Un ritardo che penalizza quel salto culturale cui si accennava verso un modello di sviluppo collaborativo, tra pmi e tra grandi e piccole imprese. Infine, serve una politica fiscale di incentivazione che premi e stimoli la capacità/potenzialità delle reti di produrre occupazione, innovazione e quindi crescita.
Avanzo in proposito, in linea con la strategia generale del presidente Boccia, la proposta di studiare un meccanismo di defiscalizzazione totale – per un periodo ulteriore di tre anni – del costo del lavoro per le imprese in rete che assumono in maniera stabile giovani nei programmi di sviluppo e di innovazione, sia in chiave di Industria 4.0, sia in chiave di internazionalizzazione.

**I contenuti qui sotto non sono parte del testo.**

lemma Hnorm_integrand_components:
  fixes f f' :: "real \<Rightarrow> real"
  assumes [measurable]: "f \<in> borel_measurable borel" "f' \<in> borel_measurable borel"
    and i: "set_integrable lborel {0..R} (\<lambda>r. r * (f' r)^2 + (f r)^2 / r)"
  shows "set_integrable lborel {0..R} (\<lambda>r. r * (f' r)^2)"
    "set_integrable lborel {0..R} (\<lambda>r. (f r)^2 / r)"
    "set_integrable lborel {0..R} (\<lambda>r. r * (f r)^2)"
    "Hnorm2 R f f' = (LINT r:{0..R}|lborel. r * (f' r)^2) + (LINT r:{0..R}|lborel. (f r)^2 / r)"
    "(LINT r:{0..R}|lborel. r * (f r)^2) \<le> R^2 * (LINT r:{0..R}|lborel. (f r)^2 / r)"
proof -
  show i1: "set_integrable lborel {0..R} (\<lambda>r. r * (f' r)^2)"
    by (rule set_integrable_bound[OF i]) (auto simp: set_borel_measurable_def)
  show i2: "set_integrable lborel {0..R} (\<lambda>r. (f r)^2 / r)"
    by (rule set_integrable_bound[OF i]) (auto simp: set_borel_measurable_def)
  have le: "x * (f x)^2 \<le> R^2 * ((f x)^2 / x)" if "x \<in> {0..R}" for x
    using that by (intro mult_le_sq_times_divide) auto
  show i3: "set_integrable lborel {0..R} (\<lambda>r. r * (f r)^2)"
  proof (rule set_integrable_bound[OF set_integrable_mult_right[OF i2, of "R^2"]])
    show "AE x in lborel. x \<in> {0..R} \<longrightarrow> norm (x * (f x)^2) \<le> norm (R^2 * ((f x)^2 / x))"
      using le by (intro AE_I2) (auto simp del: times_divide_eq_right)
  qed (auto simp: set_borel_measurable_def)
  show "Hnorm2 R f f' = (LINT r:{0..R}|lborel. r * (f' r)^2) + (LINT r:{0..R}|lborel. (f r)^2 / r)"
    unfolding Hnorm2_def by (rule set_integral_add(2)[OF i1 i2])
  have "(LINT r:{0..R}|lborel. r * (f r)^2) \<le> (LINT r:{0..R}|lborel. R^2 * ((f r)^2 / r))"
    by (rule set_integral_mono[OF i3 set_integrable_mult_right[OF i2]]) (rule le)
  also have "\<dots> = R^2 * (LINT r:{0..R}|lborel. (f r)^2 / r)"
    by (rule set_integral_mult_right)
  finally show "(LINT r:{0..R}|lborel. r * (f r)^2) \<le> R^2 * (LINT r:{0..R}|lborel. (f r)^2 / r)" .
qed

lemma Hnorm_integrand_bounds:
  fixes f f' :: "real \<Rightarrow> real"
  assumes "f \<in> borel_measurable borel" "f' \<in> borel_measurable borel"
    and "set_integrable lborel {0..R} (\<lambda>r. r * (f' r)^2 + (f r)^2 / r)"
  shows "0 \<le> (LINT r:{0..R}|lborel. r * (f' r)^2)" "0 \<le> (LINT r:{0..R}|lborel. (f r)^2 / r)"
    "0 \<le> (LINT r:{0..R}|lborel. r * (f r)^2)"
    "(LINT r:{0..R}|lborel. r * (f' r)^2) \<le> Hnorm2 R f f'"
    "(LINT r:{0..R}|lborel. (f r)^2 / r) \<le> Hnorm2 R f f'"
    "(LINT r:{0..R}|lborel. r * (f r)^2) \<le> R^2 * Hnorm2 R f f'"
proof -
  note comps = Hnorm_integrand_components[OF assms]
  show "0 \<le> (LINT r:{0..R}|lborel. r * (f' r)^2)" "0 \<le> (LINT r:{0..R}|lborel. (f r)^2 / r)"
    "0 \<le> (LINT r:{0..R}|lborel. r * (f r)^2)"
    by (auto intro: set_integral_nonneg)
  then show "(LINT r:{0..R}|lborel. r * (f' r)^2) \<le> Hnorm2 R f f'"
    "(LINT r:{0..R}|lborel. (f r)^2 / r) \<le> Hnorm2 R f f'"
    using comps(4) by linarith+
  then show "(LINT r:{0..R}|lborel. r * (f r)^2) \<le> R^2 * Hnorm2 R f f'"
    using comps(5) mult_left_mono[of _ _ "R^2"] by (meson order_trans zero_le_power2)
qed

lemma Hnorm_integrable_diff:
  fixes f f' g g' :: "real \<Rightarrow> real"
  assumes [measurable]: "f \<in> borel_measurable borel" "f' \<in> borel_measurable borel"
    "g \<in> borel_measurable borel" "g' \<in> borel_measurable borel"
    and "set_integrable lborel {0..R} (\<lambda>r. r * (f' r)^2 + (f r)^2 / r)"
    and "set_integrable lborel {0..R} (\<lambda>r. r * (g' r)^2 + (g r)^2 / r)"
  shows "set_integrable lborel {0..R} (\<lambda>r. r * (f' r - g' r)^2 + (f r - g r)^2 / r)"
proof (rule set_integrable_bound)
  show "set_integrable lborel {0..R}
      (\<lambda>r. 2 * (r * (f' r)^2 + (f r)^2 / r) + 2 * (r * (g' r)^2 + (g r)^2 / r))"
    by (rule set_integral_add(1)[OF set_integrable_mult_right[OF assms(5)]
          set_integrable_mult_right[OF assms(6)]])
  show "set_borel_measurable lborel {0..R} (\<lambda>r. r * (f' r - g' r)^2 + (f r - g r)^2 / r)"
    unfolding set_borel_measurable_def by measurable
  have sq: "(a - b)^2 \<le> 2 * a^2 + 2 * b^2" for a b :: real
    using sum_squares_ge_zero[of "a + b" 0] by (simp add: power2_eq_square algebra_simps)
  show "AE x in lborel. x \<in> {0..R} \<longrightarrow> norm (x * (f' x - g' x)^2 + (f x - g x)^2 / x)
      \<le> norm (2 * (x * (f' x)^2 + (f x)^2 / x) + 2 * (x * (g' x)^2 + (g x)^2 / x))"
  proof (rule AE_I2, rule impI)
    fix x :: real assume x: "x \<in> {0..R}"
    have "x * (f' x - g' x)^2 \<le> x * (2 * (f' x)^2 + 2 * (g' x)^2)"
      using x by (intro mult_left_mono sq) auto
    moreover have "(f x - g x)^2 / x \<le> (2 * (f x)^2 + 2 * (g x)^2) / x"
      using x by (intro divide_right_mono sq) auto
    ultimately show "norm (x * (f' x - g' x)^2 + (f x - g x)^2 / x)
        \<le> norm (2 * (x * (f' x)^2 + (f x)^2 / x) + 2 * (x * (g' x)^2 + (g x)^2 / x))"
      using x by (simp add: add_divide_distrib algebra_simps)
  qed
qed

lemma HspaceD:
  assumes "(u, u') \<in> Hspace R"
  shows "u \<in> borel_measurable borel" "u' \<in> borel_measurable borel"
    "set_integrable lborel {0..R} (\<lambda>r. r * (u' r)^2 + (u r)^2 / r)"
  using assms unfolding Hspace_def by auto

lemma C1_0_abs_le_linear:
  assumes C: "C1_0 R \<phi> \<phi>'"
  obtains M where "\<And>x. x \<in> {0..R} \<Longrightarrow> \<bar>\<phi> x\<bar> \<le> M * x"
proof -
  note CD = C1_0D[OF C]
  obtain B where B: "\<forall>y\<in>\<phi>' ` {0..R}. norm y \<le> B"
    using compact_imp_bounded[OF compact_continuous_image[OF CD(1) compact_Icc]] bounded_iff
    by metis
  have "\<bar>\<phi> x\<bar> \<le> B * x" if x: "x \<in> {0..R}" for x
  proof -
    have "norm (\<phi> x - \<phi> 0) \<le> B * norm (x - 0)"
      by (rule field_differentiable_bound[of "{0..R}" \<phi> \<phi>']) (use CD(2) B x in auto)
    then show ?thesis using CD(3) x by simp
  qed
  then show ?thesis by (rule that)
qed

lemma C1_0_Hnorm_integrable:
  assumes C: "C1_0 R \<phi> \<phi>'"
  shows "set_integrable lborel {0..R} (\<lambda>r. r * (\<phi>' r)^2 + (\<phi> r)^2 / r)"
proof -
  note CD = C1_0D[OF C]
  obtain M where M: "\<And>x. x \<in> {0..R} \<Longrightarrow> \<bar>\<phi> x\<bar> \<le> M * x" using C1_0_abs_le_linear[OF C] by blast
  have "set_borel_measurable lborel {0..R} (\<lambda>r. (\<phi> r)^2 / r)"
  proof -
    have "(\<lambda>x. indicator {0..R} x * \<phi> x) \<in> borel_measurable lborel"
      using set_measurable_continuous_on[OF _ CD(5)] unfolding set_borel_measurable_def by simp
    then have "(\<lambda>x. (indicator {0..R} x * \<phi> x)^2 / x) \<in> borel_measurable lborel"
      by measurable
    moreover have "(\<lambda>x. (indicator {0..R} x * \<phi> x)^2 / x)
        = (\<lambda>x. indicator {0..R} x *\<^sub>R ((\<phi> x)^2 / x))"
      by (auto simp: indicator_def)
    ultimately show ?thesis unfolding set_borel_measurable_def by simp
  qed
  moreover have "norm ((\<phi> x)^2 / x) \<le> norm (M^2 * R)" if x: "x \<in> {0..R}" for x
  proof -
    have "\<bar>\<phi> x\<bar>^2 \<le> (M * x)^2" using M[OF x] by (intro power_mono) auto
    then have "(\<phi> x)^2 / x \<le> M^2 * x"
      using x by (cases "x = 0") (auto simp: divide_le_eq power2_eq_square mult_ac)
    also have "\<dots> \<le> M^2 * R" using x by (intro mult_left_mono) auto
    finally show ?thesis using x by simp
  qed
  ultimately have "set_integrable lborel {0..R} (\<lambda>r. (\<phi> r)^2 / r)"
    by (intro set_integrable_bound[OF borel_integrable_atLeastAtMost'[OF continuous_on_const[of _ "M^2 * R"]]]
        AE_I2 impI)
  moreover have "set_integrable lborel {0..R} (\<lambda>r. r * (\<phi>' r)^2)"
    by (intro borel_integrable_atLeastAtMost' continuous_intros CD(1))
  ultimately show ?thesis by (rule set_integral_add(1)[rotated])
qed

text \<open>Pointwise control by the norm: \<open>\<phi>(x)\<^sup>2 = \<integral>\<^sub>0\<^sup>x 2 \<phi> \<phi>'\<close> and
  \<open>2 \<phi> \<phi>' \<le> r \<phi>'\<^sup>2 + \<phi>\<^sup>2 / r\<close>.\<close>
lemma C1_0_sq_le_Hnorm2:
  assumes C: "C1_0 R \<phi> \<phi>'" and x: "x \<in> {0..R}"
  shows "(\<phi> x)^2 \<le> Hnorm2 R \<phi> \<phi>'"
proof -
  note CD = C1_0D[OF C]
  define g where "g r = r * (\<phi>' r)^2 + (\<phi> r)^2 / r" for r
  have ig: "set_integrable lborel {0..R} g" unfolding g_def by (rule C1_0_Hnorm_integrable[OF C])
  have sub: "{0..x} \<subseteq> {0..R}" using x by auto
  have ig2: "set_integrable lborel {0..x} g" by (rule set_integrable_subset[OF ig _ sub]) simp
  have cont: "continuous_on {0..x} (\<lambda>r. 2 * \<phi> r * \<phi>' r)"
    by (intro continuous_intros continuous_on_subset[OF CD(1) sub] continuous_on_subset[OF CD(5) sub])
  have "(LINT r:{0..x}|lborel. 2 * \<phi> r * \<phi>' r) = (\<phi> x)^2 - (\<phi> 0)^2"
    unfolding set_lebesgue_integral_def
  proof (rule integral_FTC_atLeastAtMost[OF _ _ cont])
    fix y assume y: "0 \<le> y" "y \<le> x"
    then have yin: "y \<in> {0..R}" using x by auto
    have "((\<lambda>r. (\<phi> r)^2) has_real_derivative (2 * \<phi> y * \<phi>' y)) (at y within {0..x})"
      by (rule derivative_eq_intros has_field_derivative_subset[OF CD(2)[OF yin] sub] refl | simp)+
    then show "((\<lambda>r. (\<phi> r)^2) has_vector_derivative 2 * \<phi> y * \<phi>' y) (at y within {0..x})"
      by (simp add: has_real_derivative_iff_has_vector_derivative)
  qed (use x in auto)
  then have "(\<phi> x)^2 = (LINT r:{0..x}|lborel. 2 * \<phi> r * \<phi>' r)" using CD(3) by simp
  also have "\<dots> \<le> (LINT r:{0..x}|lborel. g r)"
  proof (rule set_integral_mono[OF borel_integrable_atLeastAtMost'[OF cont] ig2])
    fix r assume r: "r \<in> {0..x}"
    show "2 * \<phi> r * \<phi>' r \<le> g r"
    proof (cases "r = 0")
      case True then show ?thesis using CD(3) by (simp add: g_def)
    next
      case False
      then have "0 \<le> (\<phi> r - r * \<phi>' r)^2 / r" using r by simp
      also have "(\<phi> r - r * \<phi>' r)^2 / r = g r - 2 * \<phi> r * \<phi>' r"
        unfolding g_def using False by (simp add: field_simps power2_eq_square)
      finally show ?thesis by simp
    qed
  qed
  also have "\<dots> \<le> (LINT r:{0..R}|lborel. g r)"
    unfolding set_lebesgue_integral_def
  proof (rule integral_mono)
    show "integrable lborel (\<lambda>r. indicator {0..x} r *\<^sub>R g r)"
      using ig2 unfolding set_integrable_def .
    show "integrable lborel (\<lambda>r. indicator {0..R} r *\<^sub>R g r)"
      using ig unfolding set_integrable_def .
    fix r show "indicator {0..x} r *\<^sub>R g r \<le> indicator {0..R} r *\<^sub>R g r"
      using sub by (auto simp: indicator_def g_def)
  qed
  finally show ?thesis unfolding Hnorm2_def g_def .
qed

text \<open>\<open>C1_0\<close> constrains a function only on \<open>[0, R]\<close>; cutting it off outside makes it
  Borel measurable without changing any of the integrals.\<close>
lemma C1_0_restrict:
  assumes C: "C1_0 R \<phi> \<phi>'" and R: "R > 0"
  shows "C1_0 R (\<lambda>x. indicator {0..R} x * \<phi> x) (\<lambda>x. indicator {0..R} x * \<phi>' x)"
    "(\<lambda>x. indicator {0..R} x * \<phi> x) \<in> borel_measurable borel"
    "(\<lambda>x. indicator {0..R} x * \<phi>' x) \<in> borel_measurable borel"
proof -
  note CD = C1_0D[OF C]
  show "(\<lambda>x. indicator {0..R} x * \<phi> x) \<in> borel_measurable borel"
    "(\<lambda>x. indicator {0..R} x * \<phi>' x) \<in> borel_measurable borel"
    using set_measurable_continuous_on[OF _ CD(5)] set_measurable_continuous_on[OF _ CD(1)]
    unfolding set_borel_measurable_def by simp_all
  have "continuous_on {0..R} (\<lambda>x. indicator {0..R} x * \<phi>' x)"
    using CD(1) by (rule continuous_on_cong[THEN iffD1, rotated 2]) auto
  moreover have "((\<lambda>x. indicator {0..R} x * \<phi> x) has_real_derivative indicator {0..R} x * \<phi>' x)
      (at x within {0..R})" if x: "x \<in> {0..R}" for x
    using has_field_derivative_transform_within[OF CD(2)[OF x] zero_less_one x] x by simp
  ultimately show "C1_0 R (\<lambda>x. indicator {0..R} x * \<phi> x) (\<lambda>x. indicator {0..R} x * \<phi>' x)"
    unfolding C1_0_def using CD(3,4) R by auto
qed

Un modo di favorire non solo l’ingresso dei giovani nel mercato del lavoro, che rappresenta la vera emergenza del Paese, ma anche di creare e rafforzare il percorso di formazione on the job all’interno del network di aziende in rete con competenze diversificate, incentivando contemporaneamente il passaggio delle pmi alla trasformazione digitale e a un modello di sviluppo a rete che valorizza la collaborazione e lo scambio tra le imprese, nel rispetto dell’identità e dell’autonomia di ognuna. Pensate a quale piattaforma di esperienze potrebbero accedere i giovani all’interno della rete, quale percorso formativo unico avrebbero a disposizione, e quale contributo potrebbero dare a una società connessa e internazionalizzata, aperta e inclusiva per valori e cultura.